Lennard Sowah

Personal information
- Full name: Lennard Adjetey Sowah
- Date of birth: 23 August 1992 (age 33)
- Place of birth: Hamburg, Germany
- Height: 1.87 m (6 ft 2 in)
- Position: Left back

Team information
- Current team: Wandsbeker TSV Concordia
- Number: 44

Youth career
- 2004–2006: SC Urania Hamburg
- 2006–2007: FC St. Pauli
- 2007: Arsenal
- 2007–2010: Portsmouth

Senior career*
- Years: Team / Apps / (Gls)
- 2010: Portsmouth / 5 / (0)
- 2010–2013: Hamburger SV / 0 / (0)
- 2010–2013: Hamburger SV II / 44 / (0)
- 2012: → Millwall (loan) / 0 / (0)
- 2014–2015: FC Vestsjælland / 3 / (0)
- 2015–2016: Hamburger SV II / 4 / (0)
- 2016–2017: Hamilton Academical / 7 / (0)
- 2017: Heart of Midlothian / 11 / (0)
- 2017–2018: Cracovia / 7 / (0)
- 2018–2019: Hamilton Academical / 18 / (0)
- 2021–2025: TuS Dassendorf / 68 / (2)
- 2025–: Wandsbeker TSV Concordia / 20 / (0)

International career
- 2008: Germany U16 / 2 / (0)
- 2010: Germany U18 / 1 / (0)
- 2010: Germany U19 / 2 / (0)

= Lennard Sowah =

German professional footballer (born 1992)

Lennard Adjetey Sowah (born 23 August 1992) is a German professional footballer who plays as a left-back for Wandsbeker TSV Concordia. He has previously played for Portsmouth, Hamburger SV II, FC Vestsjælland, Heart of Midlothian and Cracovia.

==Club career==

===Portsmouth===
Sowah originally came to England after receiving interest from Arsenal. He left Arsenal and joined Portsmouth, where he forced himself onto the periphery of the first team under both Paul Hart and Avram Grant. He was rewarded with the squad number 46 and made his first appearance on the Portsmouth bench in the League Cup win against Carlisle United. He was also named on the bench in FA Cup games against Coventry City and Sunderland. Sowah made his Premier League debut in April 2010 against Blackburn Rovers, as a substitute for Richard Hughes. His next appearance came in a 0–0 draw against Wigan Athletic, in which he played the whole of the second half.

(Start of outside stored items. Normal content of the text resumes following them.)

lemma binomial_add_pred_absorption:
  assumes "d \<ge> 1"
  shows "d * ((d + L - 1) choose d) = L * ((d + L - 1) choose L)"
proof (cases L)
  case (Suc M)
  obtain e where e: "d = Suc e" using assms by (cases d) auto
  have "Suc e * ((e + Suc M) choose Suc e) = (e + Suc M) * ((e + M) choose e)"
    using binomial_absorption[of e "e + Suc M"] by simp
  also have "(e + M) choose e = (e + M) choose M"
    using binomial_symmetric[of e "e + M"] by simp
  also have "(e + Suc M) * ((e + M) choose M) = Suc M * ((e + Suc M) choose Suc M)"
    using binomial_absorption[of M "e + Suc M"] by simp
  finally show ?thesis using e Suc by simp
qed (use assms in simp)

text \<open>The dimension of the space of spherical harmonics of degree \<open>l\<close> on \<open>S\<^sup>d\<close>.\<close>
definition harmonic_dim :: "nat \<Rightarrow> nat \<Rightarrow> real" where
  "harmonic_dim d l = (real d + 2 * real l - 1) / (real d + real l - 1) * real ((d + l - 1) choose l)"

lemma Q_next_coeff_mult_harmonic_dim:
  assumes d: "d \<ge> 2"
  shows "Q_next_coeff d l * harmonic_dim d (l + 1) = real ((d + l - 1) choose l)"
proof -
  have pos: "real d + 2 * real l + 1 > 0" "real d + real l > 0" using d by simp_all
  have "harmonic_dim d (l + 1)
      = (real d + 2 * real l + 1) / (real d + real l) * real ((d + l) choose Suc l)"
    by (simp add: harmonic_dim_def algebra_simps)
  then have "Q_next_coeff d l * harmonic_dim d (l + 1)
      = real (Suc l) * real ((d + l) choose Suc l) / (real d + real l)"
    using pos by (simp add: Q_next_coeff_def)
  also have "\<dots> = (real d + real l) * real ((d + l - 1) choose l) / (real d + real l)"
    using d by (simp only: binomial_Suc_diagonal)
  also have "\<dots> = real ((d + l - 1) choose l)"
    using pos by simp
  finally show ?thesis .
qed

lemma Q_prev_coeff_mult_harmonic_dim:
  assumes d: "d \<ge> 2"
  shows "Q_prev_coeff d (l + 1) * harmonic_dim d l = real ((d + l - 1) choose l)"
proof -
  have "Q_prev_coeff d (l + 1) = (real d + real l - 1) / (real d + 2 * real l - 1)"
    by (simp add: Q_prev_coeff_def algebra_simps)
  moreover have "real d + real l - 1 > 0" "real d + 2 * real l - 1 > 0" using d by simp_all
  ultimately show ?thesis
    by (simp add: harmonic_dim_def)
qed

lemma Q_sqnorm_eq:
  assumes d: "d \<ge> 2"
  shows "Q_sqnorm d l = Beta (1 / 2) (real d / 2) * harmonic_dim d l"
proof (induction l)
  case 0
  have "Q_sqnorm d 0 = integral {-1..1} (sphere_weight d)"
    using d by (simp add: Q_sqnorm_def Q_poly_0)
  then show ?case
    using d integral_unique[OF sphere_weight_has_integral[OF d]] by (simp add: harmonic_dim_def)
next
  case (Suc l)
  have "Q_next_coeff d l * Q_sqnorm d (l + 1)
      = Beta (1 / 2) (real d / 2) * (Q_prev_coeff d (l + 1) * harmonic_dim d l)"
    using Q_sqnorm_recurrence[OF d, of l] Suc.IH by simp
  also have "\<dots> = Beta (1 / 2) (real d / 2) * (Q_next_coeff d l * harmonic_dim d (l + 1))"
    by (simp only: Q_prev_coeff_mult_harmonic_dim[OF d] Q_next_coeff_mult_harmonic_dim[OF d])
  finally show ?case
    using d by (simp add: Q_next_coeff_def mult.left_commute)
qed

lemma sum_harmonic_dim:
  assumes d: "d \<ge> 2"
  shows "(\<Sum>l\<le>L. harmonic_dim d l) = (real d + 2 * real L) / real d * real ((d + L - 1) choose L)"
proof (induction L)
  case 0
  then show ?case using d by (simp add: harmonic_dim_def)
next
  case (Suc L)
  define B where "B = real ((d + L - 1) choose L)"
  have pos: "real d > 0" "real L + 1 > 0" "real d + real L > 0" using d by simp_all
  have binom: "real ((d + L) choose Suc L) = (real d + real L) / (real L + 1) * B"
    using binomial_Suc_diagonal[of d L] d pos by (simp add: B_def field_simps)
  have "harmonic_dim d (Suc L) = (real d + 2 * real L + 1) / (real d + real L) * real ((d + L) choose Suc L)"
    by (simp add: harmonic_dim_def algebra_simps)
  then have "(\<Sum>l\<le>Suc L. harmonic_dim d l)
      = (real d + 2 * real L) / real d * B + (real d + 2 * real L + 1) / (real L + 1) * B"
    using Suc.IH pos by (simp add: B_def binom)
  also have "\<dots> = (real d + 2 * real (Suc L)) / real d * ((real d + real L) / (real L + 1) * B)"
    using pos by (simp add: field_simps)
  finally show ?case
    by (simp add: binom)
qed

lemma Q_expansion_sqnorm_has_integral:
  assumes d: "d \<ge> 2"
  shows "((\<lambda>x. sphere_weight d x * (\<Sum>j\<le>N. a j * Q_poly d j x)^2)
           has_integral (\<Sum>j\<le>N. (a j)^2 * Q_sqnorm d j)) {-1..1}"
proof -
  have "((\<lambda>x. \<Sum>j\<le>N. \<Sum>k\<le>N. a j * a k * (sphere_weight d x * Q_poly d j x * Q_poly d k x))
     has_integral (\<Sum>j\<le>N. \<Sum>k\<le>N. a j * a k * (if j = k then Q_sqnorm d j else 0))) {-1..1}"
    by (intro has_integral_sum finite_atMost has_integral_mult_right Q_poly_orthogonal d)
  moreover have "(\<Sum>k\<le>N. a j * a k * (if j = k then Q_sqnorm d j else 0)) = (a j)^2 * Q_sqnorm d j"
    if "j \<le> N" for j
    using that by (simp add: if_distrib[of "\<lambda>t. a j * a _ * t"] sum.delta power2_eq_square cong: if_cong)
  ultimately show ?thesis
    by (simp add: power2_eq_square sum_product sum_distrib_left mult_ac)
qed

lemma R_poly_Suc: "R_poly d (Suc L) x = R_poly d L x + Q_poly d (Suc L) x"
  by (simp add: R_poly_def)

lemma x_R_poly:
  assumes d: "d \<ge> 2"
  shows "x * R_poly d (Suc M) x
    = R_poly d M x + Q_next_coeff d M * Q_poly d (Suc M) x + Q_next_coeff d (Suc M) * Q_poly d (Suc (Suc M)) x"
proof (induction M)
  case 0
  have "Q_prev_coeff d 1 = 1" using d by (simp add: Q_prev_coeff_def)
  then show ?case
    using x_Q_poly[OF d, of x 0] x_Q_poly[OF d, of x 1]
    by (simp add: R_poly_def Q_poly_0[OF d] Q_prev_coeff_def numeral_2_eq_2 algebra_simps)
next
  case (Suc M)
  have "Q_prev_coeff d (Suc (Suc M)) = (real d + real M) / (real d + 2 * real M + 1)"
    by (simp add: Q_prev_coeff_def algebra_simps)
  moreover have "real d + 2 * real M + 1 > 0" using d by simp
  ultimately have coeff_sum: "Q_next_coeff d M + Q_prev_coeff d (Suc (Suc M)) = 1"
    by (simp add: Q_next_coeff_def add_divide_distrib[symmetric])
  have "x * R_poly d (Suc (Suc M)) x = x * R_poly d (Suc M) x + x * Q_poly d (Suc (Suc M)) x"
    by (simp add: R_poly_Suc[of d "Suc M"] algebra_simps)
  also have "\<dots> = R_poly d M x + (Q_next_coeff d M + Q_prev_coeff d (Suc (Suc M))) * Q_poly d (Suc M) x
      + Q_next_coeff d (Suc M) * Q_poly d (Suc (Suc M)) x
      + Q_next_coeff d (Suc (Suc M)) * Q_poly d (Suc (Suc (Suc M))) x"
    using x_Q_poly[OF d, of x "Suc (Suc M)"] by (simp add: Suc.IH algebra_simps)
  finally show ?case
    by (simp add: coeff_sum R_poly_Suc[of d M])
qed

lemma R_poly_sqnorm_has_integral:
  assumes d: "d \<ge> 2"
  shows "((\<lambda>x. sphere_weight d x * R_poly d L x ^ 2) has_integral
           Beta (1 / 2) (real d / 2) * (real ((d + L) choose d) + real ((d + L - 1) choose d))) {-1..1}"
proof -
  have "real d * (real ((d + L) choose d) + real ((d + L - 1) choose d))
      = (real d + 2 * real L) * real ((d + L - 1) choose L)"
    using binomial_add_absorption[of d L] binomial_add_pred_absorption[of d L] d
    by (simp add: algebra_simps flip: of_nat_mult)
  then have binom: "real ((d + L) choose d) + real ((d + L - 1) choose d)
      = (real d + 2 * real L) / real d * real ((d + L - 1) choose L)"
    using d by (simp add: field_simps)
  have "(\<Sum>j\<le>L. 1\<^sup>2 * Q_sqnorm d j) = Beta (1 / 2) (real d / 2) * (\<Sum>j\<le>L. harmonic_dim d j)"
    using d by (simp add: Q_sqnorm_eq sum_distrib_left)
  then show ?thesis
    unfolding binom using Q_expansion_sqnorm_has_integral[OF d, of "\<lambda>_. 1" L]
    by (simp add: R_poly_def sum_harmonic_dim[OF d])
qed

lemma sum_harmonic_dim_x_R_poly:
  assumes d: "d \<ge> 2" and L: "L \<ge> 1"
  shows "(\<Sum>j<L. harmonic_dim d j)
           + Q_next_coeff d (L - 1) ^ 2 * harmonic_dim d L + Q_next_coeff d L ^ 2 * harmonic_dim d (L + 1)
       = (real d * (real L + 1) / (real L * (real d + 2 * real L + 1))
           + (real d + 4 * real L - 2) / (real d + 2 * real L - 1)) * real ((d + L - 1) choose d)"
proof -
  obtain M where M: "L = Suc M" using L by (cases L) auto
  define b where "b = real ((d + M - 1) choose M)"
  define bL where "bL = real ((d + L - 1) choose L)"
  have M_eq: "real M = real L - 1" using M by simp
  have pos: "real d > 0" "real L > 0" "real d + 2 * real L - 1 > 0" "real d + 2 * real L + 1 > 0"
    using d L by simp_all
  have sq: "Q_next_coeff d l ^ 2 * harmonic_dim d (l + 1) = Q_next_coeff d l * real ((d + l - 1) choose l)"
    for l using Q_next_coeff_mult_harmonic_dim[OF d, of l] by (simp add: power2_eq_square)
  have step: "real L * bL = (real d + real L - 1) * b"
    using binomial_Suc_diagonal[of d M] d by (simp add: M b_def bL_def add.commute)
  have top: "real ((d + L - 1) choose d) = real L / real d * bL"
    using binomial_add_pred_absorption[of d L] pos by (simp add: bL_def field_simps flip: of_nat_mult)
  have "(\<Sum>j<L. harmonic_dim d j) + Q_next_coeff d (L - 1) ^ 2 * harmonic_dim d L
      = (real d + 2 * real L - 2) / real d * b + real L / (real d + 2 * real L - 1) * b"
  proof -
    have shift: "{..<L} = {..M}" "L - 1 = M" "harmonic_dim d L = harmonic_dim d (M + 1)" using M by auto
    show ?thesis
      unfolding shift sum_harmonic_dim[OF d] sq by (simp add: b_def Q_next_coeff_def M_eq algebra_simps)
  qed
  also have "\<dots> = (real d + 4 * real L - 2) / (real d + 2 * real L - 1) * ((real d + real L - 1) / real d * b)"
    using pos by (simp add: field_simps)
  finally have lower: "(\<Sum>j<L. harmonic_dim d j) + Q_next_coeff d (L - 1) ^ 2 * harmonic_dim d L
      = (real d + 4 * real L - 2) / (real d + 2 * real L - 1) * (real L / real d * bL)"
    using step by simp
  have "Q_next_coeff d L ^ 2 * harmonic_dim d (L + 1)
      = real d * (real L + 1) / (real L * (real d + 2 * real L + 1)) * (real L / real d * bL)"
    unfolding sq using pos by (simp add: bL_def Q_next_coeff_def)
  then show ?thesis
    unfolding top lower by (simp add: algebra_simps)
qed

lemma x_R_poly_sqnorm_has_integral:
  assumes d: "d \<ge> 2" and L: "L \<ge> 1"
  shows "((\<lambda>x. sphere_weight d x * (x * R_poly d L x) ^ 2) has_integral
           Beta (1 / 2) (real d / 2)
             * (real d * (real L + 1) / (real L * (real d + 2 * real L + 1))
                + (real d + 4 * real L - 2) / (real d + 2 * real L - 1))
             * real ((d + L - 1) choose d)) {-1..1}"
proof -
  obtain M where M: "L = Suc M" using L by (cases L) auto
  define a where "a j = (if j \<le> M then 1 else Q_next_coeff d (j - 1))" for j
  have "x * R_poly d L x = (\<Sum>j\<le>Suc (Suc M). a j * Q_poly d j x)" for x
  proof -
    have "(\<Sum>j\<le>M. a j * Q_poly d j x) = R_poly d M x"
      unfolding R_poly_def a_def by (rule sum.cong) auto
    then show ?thesis unfolding M x_R_poly[OF d] by (simp add: a_def)
  qed
  moreover have "(\<Sum>j\<le>Suc (Suc M). (a j)^2 * Q_sqnorm d j)
      = Beta (1 / 2) (real d / 2) * ((\<Sum>j<L. harmonic_dim d j)
          + Q_next_coeff d (L - 1) ^ 2 * harmonic_dim d L + Q_next_coeff d L ^ 2 * harmonic_dim d (L + 1))"
  proof -
    have "(\<Sum>j\<le>M. (a j)^2 * Q_sqnorm d j) = (\<Sum>j\<le>M. Beta (1 / 2) (real d / 2) * harmonic_dim d j)"
      unfolding a_def using d by (intro sum.cong) (auto simp: Q_sqnorm_eq)
    then show ?thesis
      using d by (simp add: a_def M Q_sqnorm_eq lessThan_Suc_atMost sum_distrib_left sum_distrib_right
                   algebra_simps)
  qed
  ultimately show ?thesis
    using Q_expansion_sqnorm_has_integral[OF d, of a "Suc (Suc M)"]
    by (simp only: sum_harmonic_dim_x_R_poly[OF d L] mult.assoc)
qed

lemma one_minus_square_powr_eq_sphere_weight:
  assumes d: "d \<ge> 2" and t: "\<bar>t\<bar> < 1"
  shows "(1 - t^2) powr (real d / 2 - 1) = sphere_weight d t"
proof -
  have pos: "1 - t^2 > 0" using t by (simp add: abs_square_less_1)
  have "sphere_weight d t = ((1 - t^2) powr (1 / 2)) powr real (d - 2)"
    using pos by (simp add: sphere_weight_def powr_realpow powr_half_sqrt)
  also have "\<dots> = (1 - t^2) powr (real d / 2 - 1)"
    using d by (simp add: powr_powr of_nat_diff field_simps)
  finally show ?thesis by simp
qed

On 18 April 2010, playing against Aston Villa, Sowah became the first player born after the Premier League was formed to start a Premier League match. He was born eight days after the first Premier League matches were played. Sowah's Premier League appearances came as Portsmouth were preparing for the 2010 FA Cup Final against Chelsea, however he was an injury doubt for the final and ultimately did not feature.

===Hamburger SV===
On 6 July 2010, Sowah returned to his hometown and signed for Hamburger SV on a free transfer.

====Millwall (loan)====
Having not made a single senior appearance for Hamburger SV, he signed on loan for Championship side Millwall until the end of the season on 31 January 2012, his first return to English football since his release from Portsmouth. He failed to make an appearance for the club during his loan spell.

===FC Vestsjælland===
On 22 June 2014, Sowah signed a one-year contract with the Danish club FC Vestsjælland.

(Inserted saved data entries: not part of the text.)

text \<open>Identities in a commutative ring are proved below by exhibiting the difference of the two
  sides as a linear combination of known identities.\<close>

lemma eq_by_lincomb1:
  fixes l :: "'a::comm_ring_1"
  assumes "a1 = b1" "l - r = ka * (a1 - b1)" shows "l = r"
  using assms by simp

lemma eq_by_lincomb2:
  fixes l :: "'a::comm_ring_1"
  assumes "a1 = b1" "a2 = b2" "l - r = ka * (a1 - b1) + kb * (a2 - b2)" shows "l = r"
  using assms by simp

lemma eq_by_lincomb3:
  fixes l :: "'a::comm_ring_1"
  assumes "a1 = b1" "a2 = b2" "a3 = b3" "l - r = ka * (a1 - b1) + kb * (a2 - b2) + kc * (a3 - b3)"
  shows "l = r"
  using assms by simp

lemma eq_by_lincomb4:
  fixes l :: "'a::comm_ring_1"
  assumes "a1 = b1" "a2 = b2" "a3 = b3" "a4 = b4"
    "l - r = ka * (a1 - b1) + kb * (a2 - b2) + kc * (a3 - b3) + kd * (a4 - b4)"
  shows "l = r"
  using assms by simp

locale cubic_alg_char = cubic_alg emb for emb :: "'f::field \<Rightarrow> 'e::comm_ring_1" +
  assumes two: "(2::'f) \<noteq> 0" and three: "(3::'f) \<noteq> 0"
begin

abbreviation "tt x \<equiv> emb (T x)"
abbreviation "ss x \<equiv> emb (S x)"
abbreviation "nn x \<equiv> emb (N x)"
abbreviation "ad x \<equiv> adj emb x"
abbreviation "cr x y \<equiv> cross emb x y"

lemma quartic_coeffs:
  assumes "\<And>c. f c = A0 + emb c * A1 + emb c ^ 2 * A2 + emb c ^ 3 * A3 + emb c ^ 4 * A4"
  shows "A1 = emb (inverse 12) * (8 * (f 1 - f (-1)) - (f 2 - f (-2)))"
    and "A2 = emb (inverse 24) * (16 * (f 1 + f (-1)) - (f 2 + f (-2)) - 30 * f 0)"
proof -
  have "(12::'f) \<noteq> 0" "(24::'f) \<noteq> 0"
    using two three mult_eq_0_iff[of "2::'f" 6] mult_eq_0_iff[of "2::'f" 3] mult_eq_0_iff[of "4::'f" 6]
      mult_eq_0_iff[of "2::'f" 2] by auto
  note inv = this[THEN emb_inverse_mult]
  have "8 * (f 1 - f (-1)) - (f 2 - f (-2)) = 12 * A1"
    unfolding assms by (simp add: algebra_simps)
  then show "A1 = emb (inverse 12) * (8 * (f 1 - f (-1)) - (f 2 - f (-2)))"
    using inv(1) by (simp add: mult.assoc[symmetric])
  have "16 * (f 1 + f (-1)) - (f 2 + f (-2)) - 30 * f 0 = 24 * A2"
    unfolding assms by (simp add: algebra_simps)
  then show "A2 = emb (inverse 24) * (16 * (f 1 + f (-1)) - (f 2 + f (-2)) - 30 * f 0)"
    using inv(2) by (simp add: mult.assoc[symmetric])
qed

lemma two_mult_cancel: "2 * a = 2 * b \<Longrightarrow> a = (b::'f)" using two by simp
lemma three_mult_cancel: "3 * a = 3 * b \<Longrightarrow> a = (b::'f)" using three by simp

lemma T_uminus: "T (- x) = - T x" using T_scale[of "-1" x] by simp
lemma T_diff: "T (x - y) = T x - T y" using T_add[of x "-y"] T_uminus[of y] by simp
lemma T_emb: "T (emb c) = 3 * c" using T_scale[of c 1] T_one by simp

lemma T_square: "T (x * x) = T x ^ 2 - 2 * S x"
  using two_S[of x] by simp

lemma S_add: "S (x + y) = S x + S y + T x * T y - T (x * y)"
proof -
  have e: "(x + y) * (x + y) = x * x + x * y + x * y + y * y" by (simp add: algebra_simps)
  have t: "T ((x + y) * (x + y)) = T (x * x) + 2 * T (x * y) + T (y * y)"
    unfolding e T_add by (simp only: mult_2 add.assoc)
  have a: "2 * S (x + y) = (T x + T y)^2 - (T (x * x) + 2 * T (x * y) + T (y * y))"
    using two_S[of "x+y"] by (simp only: t T_add)
  have "2 * (S x + S y + T x * T y - T (x * y)) = 2*S x + 2*S y + 2*(T x*T y - T(x*y))"
    by (simp add: algebra_simps)
  also have "\<dots> = (T x^2 - T(x*x)) + (T y^2 - T(y*y)) + 2*(T x*T y - T(x*y))"
    by (simp only: two_S)
  also have "\<dots> = 2 * S (x + y)" unfolding a by (simp add: power2_eq_square algebra_simps)
  finally have "2 * S (x + y) = 2 * (S x + S y + T x * T y - T (x * y))" by simp
  then show ?thesis by (rule two_mult_cancel)
qed

lemma S_scale: "S (emb c * x) = c^2 * S x"
proof -
  have e: "emb c * x * (emb c * x) = emb (c * c) * (x * x)" by (simp add: algebra_simps)
  have h: "T x * T x = T (x*x) + 2 * S x" using two_S[of x] by (simp add: power2_eq_square)
  have "2 * S (emb c * x) = 2 * (c^2 * S x)"
    unfolding two_S e T_scale power2_eq_square by (simp add: h algebra_simps)
  then show ?thesis by (rule two_mult_cancel)
qed

lemma S_emb: "S (emb c) = 3 * c^2"
proof -
  have "2 * S 1 = 2 * 3" unfolding two_S by (simp add: T_one power2_eq_square)
  then have "S 1 = 3" by (rule two_mult_cancel)
  then show ?thesis using S_scale[of c 1] by simp
qed

lemma S_uminus: "S (- x) = S x" using S_scale[of "-1" x] by simp

lemma adj_eq: "ad x = x * x - tt x * x + ss x"
  unfolding adj_def by simp

lemma cross_eq: "cr x y = 2 * x * y - tt x * y - tt y * x + tt x * tt y - tt (x * y)"
  unfolding cross_def adj_def S_add T_add by (simp add: algebra_simps)

lemma adj_zero [simp]: "ad 0 = 0" using S_scale[of 0 0] by (simp add: adj_eq)
lemma cross_zero [simp]: "cr 0 z = 0" by (simp add: cross_eq)
lemma adj_uminus: "ad (- x) = ad x" by (simp add: adj_eq T_uminus S_uminus)
lemma adj_scale: "ad (emb c * x) = emb c ^ 2 * ad x"
  unfolding adj_eq T_scale S_scale by (simp add: algebra_simps power2_eq_square)
lemma adj_emb: "ad (emb c) = emb c ^ 2"
  unfolding adj_eq T_emb S_emb by (simp add: algebra_simps power2_eq_square)
lemma adj_add: "ad (x + y) = ad x + ad y + cr x y"
  unfolding cross_def by simp
lemma cross_comm: "cr x y = cr y x" unfolding cross_eq by (simp add: algebra_simps)
lemma cross_add: "cr (x + y) z = cr x z + cr y z"
  unfolding cross_eq distrib_right T_add by (simp add: algebra_simps)
lemma cross_add_right: "cr z (x + y) = cr z x + cr z y"
  using cross_add cross_comm by metis
lemma cross_scale: "cr (emb c * x) z = emb c * cr x z"
  unfolding cross_eq mult.assoc T_scale by (simp add: algebra_simps)
lemma cross_scale_right: "cr z (emb c * x) = emb c * cr z x"
  using cross_scale cross_comm by metis
lemma cross_uminus: "cr (- x) z = - cr x z"
  using cross_scale[of "-1" x z] by simp
lemma cross_one: "cr x 1 = tt x - x"
  unfolding cross_eq T_one by (simp add: algebra_simps)

lemma mult_adj: "x * ad x = nn x"
  using cayley_hamilton_E[of x] unfolding adj_eq by (simp add: algebra_simps)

===Return to Hamburger SV===
On 29 July 2016, he returned to Hamburger SV signing a one-year contract with the reserves.

===Scotland===
Sowah moved to Scottish club Hamilton Academical in October 2016. He made his debut on 15 October 2016, in a 2–2 draw away to Partick Thistle. In December 2016 it was announced that Sowah would be offered a new contract by the club, however he left the club at the end of his contract on 3 January 2017.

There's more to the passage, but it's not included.